When you think about how much sensory processing goes into one little moment (like eating a piece of pizza), it’s no wonder that some of these processes can become disrupted and not work properly. And as we’ve seen, if one sense is “out of sync” so to speak, then it has a dramatic impact on the entire experience. For kids and adults with sensory integration problems, this is a day to day reality. And a frustrating one at that.
What can go wrong…
One way that the sensory might “go wrong” is that all of the senses are intact, but they are not processed simultaneously as they should be. Have you ever watched a movie and had the sound and audio get out of sync with each other? I was on a flight to Singapore once when my movie kept doing that over and over and I either had to close my eyes or restart the movie. The lack of synchronization was frustrating for me, so I had to deprive my sense of sight in order to manage the sensory input, or try to make it right.
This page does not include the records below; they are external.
(* Let $(M,\mathcal D,g)$ be a three-dimensional contact sub-Riemannian manifold and $S$ an embedded oriented surface with sub-Riemannian characteristic vector field $X$. For $\varepsilon>0$ let $b_\varepsilon=\sqrt{1-\mathrm{div}(X)^2(1-\varepsilon)}=\sqrt{1-(1-|X|^2)(1-\varepsilon)}$. Then on $S\setminus\Sigma(S)$ the Riemannian $\varepsilon$-coframe satisfies $$\theta_1^\varepsilon=\theta_1,\qquad \theta_2^\varepsilon=\frac{b_\varepsilon}{\sqrt\varepsilon}\theta_2.$$
   Context: $M$ a smooth 3-manifold, $\mathcal D=\ker\omega$ a co-oriented contact distribution, $g$ a smooth metric on $\mathcal D$, $\omega$ normalized so that $d\omega(f_1,f_2)=1$ for positively oriented $g$-orthonormal frames of $\mathcal D$; Reeb field $f_0$: $\omega(f_0)=1$, $d\omega(f_0,\cdot)=0$. For $\varepsilon>0$, $g^\varepsilon$ is the Riemannian metric with $g^\varepsilon|_{\mathcal D}=g$, $g^\varepsilon(\mathcal D,f_0)=0$, $g^\varepsilon(f_0,f_0)=1/\varepsilon$; $\sigma^\varepsilon$ is the area form of $(S,g^\varepsilon|_S)$, $|\cdot|_\varepsilon$ its norm and $J^\varepsilon$ its complex structure (rotation by $+\pi/2$). $\Sigma(S)=\{p\in S:T_pS=\mathcal D_p\}$. The characteristic vector field $X$ is defined by $\iota_X\sigma^1=\omega|_S$; $\mathrm{div}$ is the divergence w.r.t. $\sigma^1$ and $|X|=|X|_1$. The Riemannian $\varepsilon$-frame on $S\setminus\Sigma(S)$ is $e_1^\varepsilon=X/|X|_\varepsilon$, $e_2^\varepsilon=J^\varepsilon X/|X|_\varepsilon$, with dual coframe $\theta_1^\varepsilon,\theta_2^\varepsilon$ ($\theta_i^\varepsilon(e_j^\varepsilon)=\delta_{ij}$); $\theta_i:=\theta_i^1$. *)

theory Defs
  imports "HOL-Analysis.Analysis"
begin

text \<open>Pointwise model at a point p of S. The tangent space T_pM is identified with
 real^3 via the frame (f0, f1, f2): component 0 is the Reeb (f0) coordinate, components
 1, 2 are the coordinates w.r.t. a g-orthonormal frame (f1, f2) of D_p.
 The tangent plane T_pS is span {u, w}, oriented by the ordered basis (u, w).\<close>

definition omega :: "real^3 \<Rightarrow> real" where
  "omega v = v $ 0"

definition distr :: "(real^3) set" where
  "distr = {v. omega v = 0}"

text \<open>The metric g^eps: g on D, D orthogonal to f0, g^eps(f0,f0) = 1/eps.\<close>
definition gmet :: "real \<Rightarrow> real^3 \<Rightarrow> real^3 \<Rightarrow> real" where
  "gmet \<epsilon> a b = a $ 1 * b $ 1 + a $ 2 * b $ 2 + a $ 0 * b $ 0 / \<epsilon>"

definition normg :: "real \<Rightarrow> real^3 \<Rightarrow> real" where
  "normg \<epsilon> a = sqrt (gmet \<epsilon> a a)"

definition coords :: "real^3 \<Rightarrow> real^3 \<Rightarrow> real^3 \<Rightarrow> real \<times> real" where
  "coords u w a = (THE (s, t). a = s *\<^sub>R u + t *\<^sub>R w)"

definition sigma :: "real \<Rightarrow> real^3 \<Rightarrow> real^3 \<Rightarrow> real^3 \<Rightarrow> real^3 \<Rightarrow> real" where
  "sigma \<epsilon> u w a b =
     (let (a1, a2) = coords u w a; (b1, b2) = coords u w b
      in (a1 * b2 - a2 * b1) * sqrt (gmet \<epsilon> u u * gmet \<epsilon> w w - (gmet \<epsilon> u w)\<^sup>2))"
Now imagine having that lack of synchronization (or integration) in everyday life! Perhaps auditory input arrives half of a second too late, or maybe one ear processes info too late while the other is still intact. As you can imagine, this would easily result in consistently confusing and overwhelming noise. The result may be that a child covers his or her ears to block out sounds, deprives another sense to improve focus (as I did with closing my eyes during the movie), or perhaps they simply do not respond to verbal information because it does not make sense to them. I see all of these responses in my clients, and while it is not always clear what the source of the problem is, it is clear that there is something going on with the sensory system.
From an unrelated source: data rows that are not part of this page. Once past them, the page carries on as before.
lemma card_orbits_comp_transpose:
  assumes "a \<in> D" and "b \<in> D" and "a \<noteq> b"
  shows "b \<in> orbit f a \<Longrightarrow> card (orbits D (f \<circ> transpose a b)) = card (orbits D f) + 1"
    and "b \<notin> orbit f a \<Longrightarrow> card (orbits D f) = card (orbits D (f \<circ> transpose a b)) + 1"
proof -
  let ?g = "f \<circ> transpose a b"
  interpret g: finite_perm D ?g
    using comp_transpose [OF assms(1,2)] .
  have "{C \<in> orbits D ?g. a \<notin> C \<and> b \<notin> C} = {C \<in> orbits D f. a \<notin> C \<and> b \<notin> C}"
    by (intro equalityI orbits_avoiding_subset) auto
  then have "card (orbits D ?g) = card {C \<in> orbits D f. a \<notin> C \<and> b \<notin> C} + (if b \<in> orbit ?g a then 1 else 2)"
    using g.card_orbits_split [OF assms(1,2)] by simp
  then show "b \<in> orbit f a \<Longrightarrow> card (orbits D ?g) = card (orbits D f) + 1"
    and "b \<notin> orbit f a \<Longrightarrow> card (orbits D f) = card (orbits D ?g) + 1"
    using card_orbits_split [OF assms(1,2)] orbit_comp_transpose_split [OF assms(1,3)]
      orbit_comp_transpose_merge [OF assms(1,2)] by auto
qed

end

lemma finite_perm_comp:
  assumes "finite_perm D f" and "finite_perm D g"
  shows "finite_perm D (f \<circ> g)"
  using assms bij_betw_trans by (auto simp: finite_perm_def)

lemma equiv_UNIVD:
  assumes "equiv UNIV R"
  shows "(x, x) \<in> R" and "(x, y) \<in> R \<Longrightarrow> (y, x) \<in> R"
    and "(x, y) \<in> R \<Longrightarrow> (y, z) \<in> R \<Longrightarrow> (x, z) \<in> R"
  using assms equiv_class_self [OF assms] by (auto simp: equiv_def dest: symD transD)

lemma rtrancl_subset_equiv:
  assumes "equiv UNIV S" and "r \<subseteq> S"
  shows "r\<^sup>* \<subseteq> S"
proof clarify
  note S = equiv_UNIVD [OF assms(1)]
  fix x y assume "(x, y) \<in> r\<^sup>*"
  then show "(x, y) \<in> S"
    by induction (use S(1,3) assms(2) in blast)+
qed

lemma rtrancl_Un_pair_cases:
  assumes "equiv UNIV R" and "(x, y) \<in> (R \<union> {(a, b), (b, a)})\<^sup>*"
  shows "(x, y) \<in> R \<or> x \<in> R `` {a, b} \<and> y \<in> R `` {a, b}"
  using assms(2)
proof (induction rule: rtrancl_induct)
  case base
  show ?case using equiv_UNIVD(1) [OF assms(1)] by simp
next
  case (step y z)
  note R = equiv_UNIVD [OF assms(1)]
  from step.hyps(2) show ?case
  proof
    assume "(y, z) \<in> R"
    with step.IH show ?case
      using R(3) by blast
  next
    assume "(y, z) \<in> {(a, b), (b, a)}"
    then have "y \<in> {a, b}" and "z \<in> {a, b}"
      by auto
    then have "x \<in> R `` {a, b}" and "z \<in> R `` {a, b}"
      using step.IH R(1,2) by blast+
    then show ?case
      by blast
  qed
qed

lemma rtrancl_Un_pair_eq:
  assumes "equiv UNIV R" and "(a, b) \<in> R"
  shows "(R \<union> {(a, b), (b, a)})\<^sup>* = R"
proof
  show "R \<subseteq> (R \<union> {(a, b), (b, a)})\<^sup>*"
    by auto
  show "(R \<union> {(a, b), (b, a)})\<^sup>* \<subseteq> R"
    using assms equiv_UNIVD(2) [OF assms] by (intro rtrancl_subset_equiv) auto
qed

lemma card_quotient_le_join_pair:
  assumes "finite D" and "equiv UNIV R"
  shows "card (D // R) \<le> card (D // (R \<union> {(a, b), (b, a)})\<^sup>*) + 1"
proof -
  let ?S = "(R \<union> {(a, b), (b, a)})\<^sup>*"
  note R = equiv_UNIVD [OF assms(2)]
  let ?Q = "D // R - {R `` {b}}"
  have S_class: "?S `` (R `` {x}) = ?S `` {x}" for x
    using R(1) converse_rtrancl_into_rtrancl [of x _ "R \<union> {(a, b), (b, a)}"] by blast
  \<comment> \<open>only the classes of \<open>a\<close> and \<open>b\<close> can be merged\<close>
  have "inj_on (\<lambda>X. ?S `` X) ?Q"
  proof (rule inj_onI)
    fix X Y assume X: "X \<in> ?Q" and Y: "Y \<in> ?Q" and XY: "?S `` X = ?S `` Y"
    obtain x y where x: "X = R `` {x}" and y: "Y = R `` {y}"
      using X Y by (auto elim!: quotientE)
    have "(x, b) \<notin> R" and "(y, b) \<notin> R"
      using X Y x y equiv_class_eq [OF assms(2)] by auto
    have "y \<in> ?S `` X"
      unfolding XY y S_class by blast
    then have "(x, y) \<in> ?S"
      unfolding x S_class by blast
    from rtrancl_Un_pair_cases [OF assms(2) this] have "(x, y) \<in> R"
    proof
      assume "x \<in> R `` {a, b} \<and> y \<in> R `` {a, b}"
      then have "(a, x) \<in> R" and "(a, y) \<in> R"
        using \<open>(x, b) \<notin> R\<close> \<open>(y, b) \<notin> R\<close> R(2) by blast+
      then show "(x, y) \<in> R"
        using R(2,3) by blast
    qed
    then show "X = Y"
      using equiv_class_eq [OF assms(2)] x y by simp
  qed
  moreover have "?S `` X \<in> D // ?S" if "X \<in> D // R" for X
    using that by (metis S_class quotientE quotientI)
  then have "(\<lambda>X. ?S `` X) ` ?Q \<subseteq> D // ?S"
    by blast
  ultimately have "card ?Q \<le> card (D // ?S)"
    using assms(1) by (intro card_inj_on_le) (auto simp: quotient_def)
  moreover have "card (D // R) \<le> card ?Q + 1"
    by (auto simp: card_Diff_singleton_if)
  ultimately show ?thesis
    by linarith
qed

lemma equiv_map_conn: "equiv UNIV (map_conn D \<alpha> \<sigma>)"
  unfolding map_conn_def
  by (intro equivI refl_rtrancl sym_rtrancl trans_rtrancl) (auto simp: sym_def)

lemma map_conn_refl [simp]: "(x, x) \<in> map_conn D \<alpha> \<sigma>"
  unfolding map_conn_def by simp

lemma map_conn_sym: "(x, y) \<in> map_conn D \<alpha> \<sigma> \<Longrightarrow> (y, x) \<in> map_conn D \<alpha> \<sigma>"
  by (rule equiv_UNIVD(2) [OF equiv_map_conn])

lemma map_conn_trans:
  "(x, y) \<in> map_conn D \<alpha> \<sigma> \<Longrightarrow> (y, z) \<in> map_conn D \<alpha> \<sigma> \<Longrightarrow> (x, z) \<in> map_conn D \<alpha> \<sigma>"
  unfolding map_conn_def by (rule rtrancl_trans)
It is essential to understand that all of these responses are valid. Most often they are the best way the child has found to make sense of what is otherwise a very confusing world for them. I am a strong believer in not trying to “force” certain responses (such as eye contact) if the child is physically unable to process more than one sense at a time. For some students, having to look someone in the eye takes over their sensory processes and while doing so they may be unable to process any other sensory information (such as aural information). So asking a child to look at me and follow my directions simultaneously may be far more than their system is able to handle. Being aware of this as a parent and/or therapist is essential in diminishing frustration when asking a child to do something that is physiologically beyond their reach.
We could continue to go into depth on how important sensory integration is for the overall functioning of each of us, but we’ll stop here for now. Hopefully this has given you a better picture of how important integration is and why it’s such a big deal if one part is not working in tandem with the others. We all need our systems to “play well together” in order to feel comfortable in our own skin.
In future posts I will talk more about this topic and how therapy (especially music therapy) can help children be able to better integrate their systems. Until then!